The Phase III study is a randomized and double-blinded trial assessing the efficacy and safety of Dupixent in pediatric EoE.mAlmost all enrolled patients also had at least one type 2 inflammatory condition, such as allergic rhinitis and asthma.
The trial is currently in its 36-week extended active treatment period, after which it will enter a 108-week open-label extension period for a more long-term analysis of Dupixent in this patient population.
A human monoclonal antibody that blocks both interleukins 4 and 13, Dupixent is a proven suppressor of type 2 inflammation. This mode of action has earned it various FDA approvals, including for asthma and atopic dermatitis. The drug was first approved in 2017 for eczema.

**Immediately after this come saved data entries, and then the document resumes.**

text \<open>Repeated use of the factorisation above writes the left-hand side as a product of
  \<open>2^(i+1)\<close> values of \<open>real_quad\<close> at the same point.\<close>

lemma norm_real_quad_pow2_ge:
  fixes \<xi> :: "'f::real_normed_field"
  assumes min: "\<And>a b. m \<le> norm (real_quad \<xi> a b)" and "m \<ge> 0" and "\<bar>s\<bar> \<le> 2"
  shows "m^(2^(i+1)) \<le> norm ((real_quad \<xi> a b)^(2^(i+1))
           + of_real (s * e^(2^i)) * (real_quad \<xi> a b)^(2^i) + of_real (e^(2^(i+1))))"
  using \<open>\<bar>s\<bar> \<le> 2\<close>
proof (induction i arbitrary: s)
  case 0
  show ?case
    using norm_real_quad_quadratic_ge[OF min \<open>m \<ge> 0\<close>, of a b "s * e" "e^2"] by simp
next
  case (Suc i)
  define \<sigma> where "\<sigma> = sqrt (2 - s)"
  have "\<sigma> \<le> sqrt 4"
    unfolding \<sigma>_def using Suc.prems by (intro real_sqrt_le_mono) simp
  moreover have "\<sigma>^2 = 2 - s" "0 \<le> \<sigma>"
    unfolding \<sigma>_def using Suc.prems by auto
  ultimately have \<sigma>: "\<sigma>^2 = 2 - s" "\<bar>\<sigma>\<bar> \<le> 2" "\<bar>-\<sigma>\<bar> \<le> 2"
    by auto
  define Z where "Z = (real_quad \<xi> a b)^(2^i)"
  define c where "c = e^(2^i)"
  have pow: "(real_quad \<xi> a b)^(2^(Suc i + 1)) = Z^4" "(real_quad \<xi> a b)^(2^(Suc i)) = Z^2"
    "(real_quad \<xi> a b)^(2^(i + 1)) = Z^2" "e^(2^(Suc i + 1)) = c^4" "e^(2^(Suc i)) = c^2"
    "e^(2^(i + 1)) = c^2"
    unfolding Z_def c_def by (simp_all add: power_mult[symmetric] mult.commute)
  have "m^(2^(Suc i + 1)) = m^(2^(i+1)) * m^(2^(i+1))"
    by (simp add: power_add[symmetric])
  also have "\<dots> \<le> norm (Z^2 + of_real (\<sigma> * c) * Z + of_real (c^2))
                 * norm (Z^2 + of_real (- \<sigma> * c) * Z + of_real (c^2))"
    using Suc.IH[OF \<sigma>(2)] Suc.IH[OF \<sigma>(3)] \<open>m \<ge> 0\<close>
    unfolding pow Z_def[symmetric] c_def[symmetric] by (intro mult_mono) auto
  also have "\<dots> = norm (Z^4 + of_real (s * c^2) * Z^2 + of_real (c^4))"
    unfolding quartic_sum_factor[OF \<sigma>(1)] norm_mult ..
  finally show ?case
    unfolding pow .
qed

lemma norm_pow2_diff_ge:
  fixes y :: "'f::real_normed_field"
  assumes sum_ge: "\<And>i. m^(2^(i+1)) \<le> norm (y^(2^(i+1)) + of_real (e^(2^(i+1))))" and "m \<ge> 0"
  shows "norm (y + of_real e) * norm (y - of_real e) * m^(2^(j+1) - 2)
           \<le> norm (y^(2^(j+1)) - of_real (e^(2^(j+1))))"
proof (induction j)
  case 0
  have "y^2 - of_real (e^2) = (y + of_real e) * (y - of_real e)"
    by (simp add: algebra_simps power2_eq_square)
  then show ?case
    by (simp add: norm_mult)
next
  case (Suc j)
  define Y where "Y = y^(2^(j+1))"
  define E where "E = e^(2^(j+1))"
  have pow: "y^(2^(Suc j+1)) = Y^2" "e^(2^(Suc j+1)) = E^2"
    unfolding Y_def E_def by (simp_all add: power_mult[symmetric] mult.commute)
  have "(2::nat) \<le> 2^(j+1)"
    by (simp add: self_le_power)
  then have "2^(Suc j+1) - 2 = (2^(j+1) - 2) + (2::nat)^(j+1)"
    by simp
  then have "m^(2^(Suc j+1) - 2) = m^(2^(j+1) - 2) * m^(2^(j+1))"
    by (simp only: power_add)
  then have "norm (y + of_real e) * norm (y - of_real e) * m^(2^(Suc j+1) - 2)
      = (norm (y + of_real e) * norm (y - of_real e) * m^(2^(j+1) - 2)) * m^(2^(j+1))"
    by (simp only: mult.assoc)
  also have "\<dots> \<le> norm (Y - of_real E) * norm (Y + of_real E)"
    using Suc.IH sum_ge[of j] \<open>m \<ge> 0\<close> unfolding Y_def E_def by (intro mult_mono) auto
  also have "\<dots> = norm (Y^2 - of_real (E^2))"
    by (simp add: algebra_simps power2_eq_square flip: norm_mult)
  finally show ?case
    unfolding pow .
qed

text \<open>The heart of the argument: at a minimiser, with \<open>y = real_quad \<xi> a b\<close>, \<open>e = m/2\<close> and
  \<open>N = 2^(n+1)\<close>, the value \<open>norm (y^N - e^N)\<close> is at most \<open>m^N + e^N\<close>, and at least
  \<open>norm (y + e) * norm (y - e) * m^(N-2)\<close> by the two lemmas above.\<close>

lemma real_quad_shift_norm_le:
  fixes \<xi> :: "'f::real_normed_field"
  assumes min: "\<And>a b. m \<le> norm (real_quad \<xi> a b)" and "m > 0"
    and at_min: "norm (real_quad \<xi> a b) = m"
  shows "norm (real_quad \<xi> a (b + m/2)) \<le> m + m * (1/2)^(2^(n+1))"
proof -
  define e where "e = m / 2"
  define y where "y = real_quad \<xi> a b"
  define N where "N = (2::nat)^(n+1)"
  have "2 \<le> N"
    unfolding N_def by (simp add: self_le_power)
  then obtain k where N: "N = Suc (Suc k)"
    by (metis add_2_eq_Suc le_Suc_ex)
  have "real_quad \<xi> a (b - e) = y - of_real e"
    unfolding y_def real_quad_def by simp
  then have "m \<le> norm (y - of_real e)"
    using min by metis
  have sum_ge: "m^(2^(i+1)) \<le> norm (y^(2^(i+1)) + of_real (e^(2^(i+1))))" for i
    using norm_real_quad_pow2_ge[OF min _, of 0] \<open>m > 0\<close> unfolding y_def by simp
  have "norm (y + of_real e) * m^(N-1) = norm (y + of_real e) * m * m^(N-2)"
    unfolding N by (simp add: algebra_simps)
  also have "\<dots> \<le> norm (y + of_real e) * norm (y - of_real e) * m^(N-2)"
    using \<open>m \<le> norm (y - of_real e)\<close> \<open>m > 0\<close> by (intro mult_right_mono mult_left_mono) auto
  also have "\<dots> \<le> norm (y^N - of_real (e^N))"
    using norm_pow2_diff_ge[OF sum_ge, of n] \<open>m > 0\<close> unfolding N_def by simp
  also have "\<dots> \<le> norm (y^N) + norm (of_real (e^N) :: 'f)"
    by (rule norm_triangle_ineq4)
  also have "\<dots> = m^N + m^N * (1/2)^N"
  proof -
    have "norm (of_real (e^N) :: 'f) = m^N * (1/2)^N"
      using \<open>m > 0\<close> unfolding norm_of_real e_def by (simp add: power_divide)
    then show ?thesis
      using at_min unfolding y_def by (simp add: norm_power)
  qed
  also have "\<dots> = (m + m * (1/2)^N) * m^(N-1)"
    unfolding N by (simp add: algebra_simps)
  finally have "norm (y + of_real e) \<le> m + m * (1/2)^N"
    using \<open>m > 0\<close> by simp
  moreover have "real_quad \<xi> a (b + m/2) = y + of_real e"
    unfolding y_def e_def real_quad_def by simp
  ultimately show ?thesis
    unfolding N_def by simp
qed

lemma real_quad_min_shift:
  fixes \<xi> :: "'f::real_normed_field"
  assumes min: "\<And>a b. m \<le> norm (real_quad \<xi> a b)" and "m > 0"
    and at_min: "norm (real_quad \<xi> a b) = m"
  shows "norm (real_quad \<xi> a (b + m/2)) \<le> m"
proof (rule ccontr)
  assume "\<not> ?thesis"
  then obtain n where n: "m * (1/2)^n < norm (real_quad \<xi> a (b + m/2)) - m"
    using real_arch_pow_inv[of "(norm (real_quad \<xi> a (b + m/2)) - m) / m" "1/2"] \<open>m > 0\<close>
    by (auto simp: field_simps)
  have "n \<le> 2^(n+1)"
    using less_exp[of n] power_increasing[of n "n+1" "2::nat"] by linarith
  then have "m * (1/2)^(2^(n+1)) \<le> m * (1/2)^n"
    using \<open>m > 0\<close> by (intro mult_left_mono power_decreasing) auto
  with n real_quad_shift_norm_le[OF min \<open>m > 0\<close> at_min, of n] show False
    by simp
qed

text \<open>If the minimum \<open>m\<close> were positive, shifting \<open>b\<close> by \<open>m/2\<close> would keep it attained; five
  shifts change the value by \<open>5m/2 > 2m\<close>, which is absurd.\<close>

lemma nonreal_real_quad_root:
  fixes \<xi> :: "'f::real_normed_field"
  assumes "\<xi> \<notin> \<real>"
  obtains a b where "real_quad \<xi> a b = 0"
proof -
  obtain a0 b0 where min0: "\<And>a b. norm (real_quad \<xi> a0 b0) \<le> norm (real_quad \<xi> a b)"
    using real_quad_norm_attains_min[OF assms] by blast
  define m where "m = norm (real_quad \<xi> a0 b0)"
  have min: "\<And>a b. m \<le> norm (real_quad \<xi> a b)"
    unfolding m_def by (rule min0)
  show thesis
  proof (cases "m = 0")
    case True
    then show thesis
      using that unfolding m_def by simp
  next
    case False
    then have "m > 0"
      unfolding m_def by simp
    have shifted: "norm (real_quad \<xi> a0 (b0 + real k * (m/2))) = m" for k
    proof (induction k)
      case (Suc k)
      have "norm (real_quad \<xi> a0 (b0 + real k * (m/2) + m/2)) \<le> m"
        by (rule real_quad_min_shift[OF min \<open>m > 0\<close> Suc.IH])
      moreover have "b0 + real k * (m/2) + m/2 = b0 + real (Suc k) * (m/2)"
        by (simp add: algebra_simps)
      ultimately show ?case
        using min by (metis antisym)
    qed (simp add: m_def)
    have "real_quad \<xi> a0 (b0 + real 5 * (m/2)) = real_quad \<xi> a0 b0 + of_real (5 * m / 2)"
      unfolding real_quad_def by simp
    then have "norm (of_real (5 * m / 2) :: 'f)
        \<le> norm (real_quad \<xi> a0 (b0 + real 5 * (m/2))) + norm (real_quad \<xi> a0 b0)"
      by (metis add_diff_cancel_left' norm_triangle_ineq4 add.commute)
    then show thesis
      using shifted[of 5] \<open>m > 0\<close> unfolding m_def by simp
  qed
qed

lemma real_quad_root_Reals:
  fixes \<xi> :: "'f::real_normed_field"
  assumes root: "real_quad \<xi> a b = 0" and "4 * b \<le> a^2"
  shows "\<xi> \<in> \<real>"
proof -
  define D where "D = sqrt (a^2 - 4 * b)"
  define r1 where "r1 = (a + D) / 2"
  define r2 where "r2 = (a - D) / 2"
  have "D^2 = a^2 - 4 * b"
    unfolding D_def using assms(2) by simp
  then have "r1 + r2 = a" "r1 * r2 = b"
    unfolding r1_def r2_def by (simp_all add: field_simps power2_eq_square)
  moreover have "(\<xi> - of_real r1) * (\<xi> - of_real r2) = \<xi> * \<xi> - of_real (r1 + r2) * \<xi> + of_real (r1 * r2)"
    by (simp add: algebra_simps)
  ultimately have "(\<xi> - of_real r1) * (\<xi> - of_real r2) = 0"
    using root unfolding real_quad_def by simp
  then show ?thesis
    by auto
qed

lemma real_quad_root_imaginary_unit:
  fixes \<xi> :: "'f::real_normed_field"
  assumes root: "real_quad \<xi> a b = 0" and "a^2 < 4 * b"
  obtains k w where "w * w = -1" "\<xi> = of_real (a / 2) + of_real k * w"
proof -
  define k where "k = sqrt (b - a^2 / 4)"
  have "k > 0" "k * k = b - a^2 / 4"
    unfolding k_def using assms(2) by auto
  define w where "w = (\<xi> - of_real (a / 2)) / of_real k"
  have \<xi>: "\<xi> = of_real (a / 2) + of_real k * w"
    unfolding w_def using \<open>k > 0\<close> by simp
  have "of_real (k * k) * (w * w) = (\<xi> - of_real (a / 2)) * (\<xi> - of_real (a / 2))"
    unfolding \<xi> by (simp add: algebra_simps)
  also have "\<dots> = real_quad \<xi> a b + of_real (a^2 / 4 - b)"
    unfolding real_quad_def by (simp add: algebra_simps power2_eq_square flip: of_real_mult)
  also have "\<dots> = of_real (k * k) * (-1)"
    using root \<open>k * k = b - a^2 / 4\<close> by simp
  finally have "of_real (k * k) * (w * w) = of_real (k * k) * (-1 :: 'f)" .
  moreover have "(of_real (k * k) :: 'f) \<noteq> 0"
    using \<open>k > 0\<close> by simp
  ultimately have "w * w = -1"
    using mult_left_cancel by blast
  then show thesis
    using \<xi> by (rule that)
qed

lemma nonreal_imaginary_unit:
  fixes \<xi> :: "'f::real_normed_field"
  assumes "\<xi> \<notin> \<real>"
  obtains c k w where "w * w = -1" "\<xi> = of_real c + of_real k * w"
proof -
  obtain a b where root: "real_quad \<xi> a b = 0"
    using nonreal_real_quad_root[OF assms] .
  with assms have "a^2 < 4 * b"
    using real_quad_root_Reals[of \<xi> a b] by linarith
  with root show thesis
    by (metis real_quad_root_imaginary_unit that)
qed

locale imaginary_unit =
  fixes w :: "'f::real_normed_field"
  assumes square: "w * w = -1"
begin

lemma not_Reals: "w \<notin> \<real>"
proof
  assume "w \<in> \<real>"
  then obtain r where "w = of_real r"
    by (auto elim: Reals_cases)
  then have "of_real (r * r) = (of_real (-1) :: 'f)"
    using square by simp
  then have "r * r = -1"
    by (simp only: of_real_eq_iff)
  then show False
    using zero_le_square[of r] by linarith
qed

lemma coordinates:
  obtains p q where "z = of_real p + of_real q * w"
proof (cases "z \<in> \<real>")
  case True
  then show thesis
    by (auto elim!: Reals_cases intro: that[of _ 0])
next
  case False
  then obtain c k w' where w': "w' * w' = -1" "z = of_real c + of_real k * w'"
    by (rule nonreal_imaginary_unit)
  have "(w' - w) * (w' + w) = 0"
    using square w'(1) by (simp add: algebra_simps)
  then have "w' = w \<or> w' = - w"
    by (auto simp: eq_neg_iff_add_eq_0)
  then show thesis
  proof
    assume "w' = - w"
    then have "z = of_real c + of_real (- k) * w"
      using w'(2) by simp
    then show thesis
      by (rule that)
  qed (use w' that in blast)
qed

lemma coordinates_unique:
  assumes "of_real p + of_real q * w = of_real p' + of_real q' * w"
  shows "p = p' \<and> q = q'"
proof (cases "q = q'")
  case False
  have "of_real (q - q') * w = (of_real (p' - p) :: 'f)"
    using assms by (simp add: algebra_simps)
  then have "w = of_real ((p' - p) / (q - q'))"
    using False by (simp add: field_simps)
  with not_Reals show ?thesis
    by simp
qed (use assms in simp)

lemma norm_eq_1: "norm w = 1"
proof -
  have "norm w * norm w = 1"
    using square by (simp flip: norm_mult)
  then have "(norm w - 1) * (norm w + 1) = 0"
    by (simp add: algebra_simps)
  moreover have "norm w + 1 \<noteq> 0"
    using norm_ge_zero[of w] by linarith
  ultimately show ?thesis
    by simp
qed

This year alone, Dupixent has already won three FDA nods. In May, the drug became the first-ever approved treatment for EoE in patients 12 years and older. One month later, in June, the regulatory body expanded Dupixent’s approval in moderate-to-severe atopic dermatitis, allowing its use in young children between 6 months and 5 years old.
Last month, Sanofi and Regeneron hit another industry milestone when Dupixent was approved as the first drug for prurigo nodularis.
The partners are continuing to assess Dupixent in various type 2 inflammation indications, including chronic inducible urticaria-cold, chronic pruritus of unknown origin, allergic fungal rhinosinusitis and bullous pemphigoid.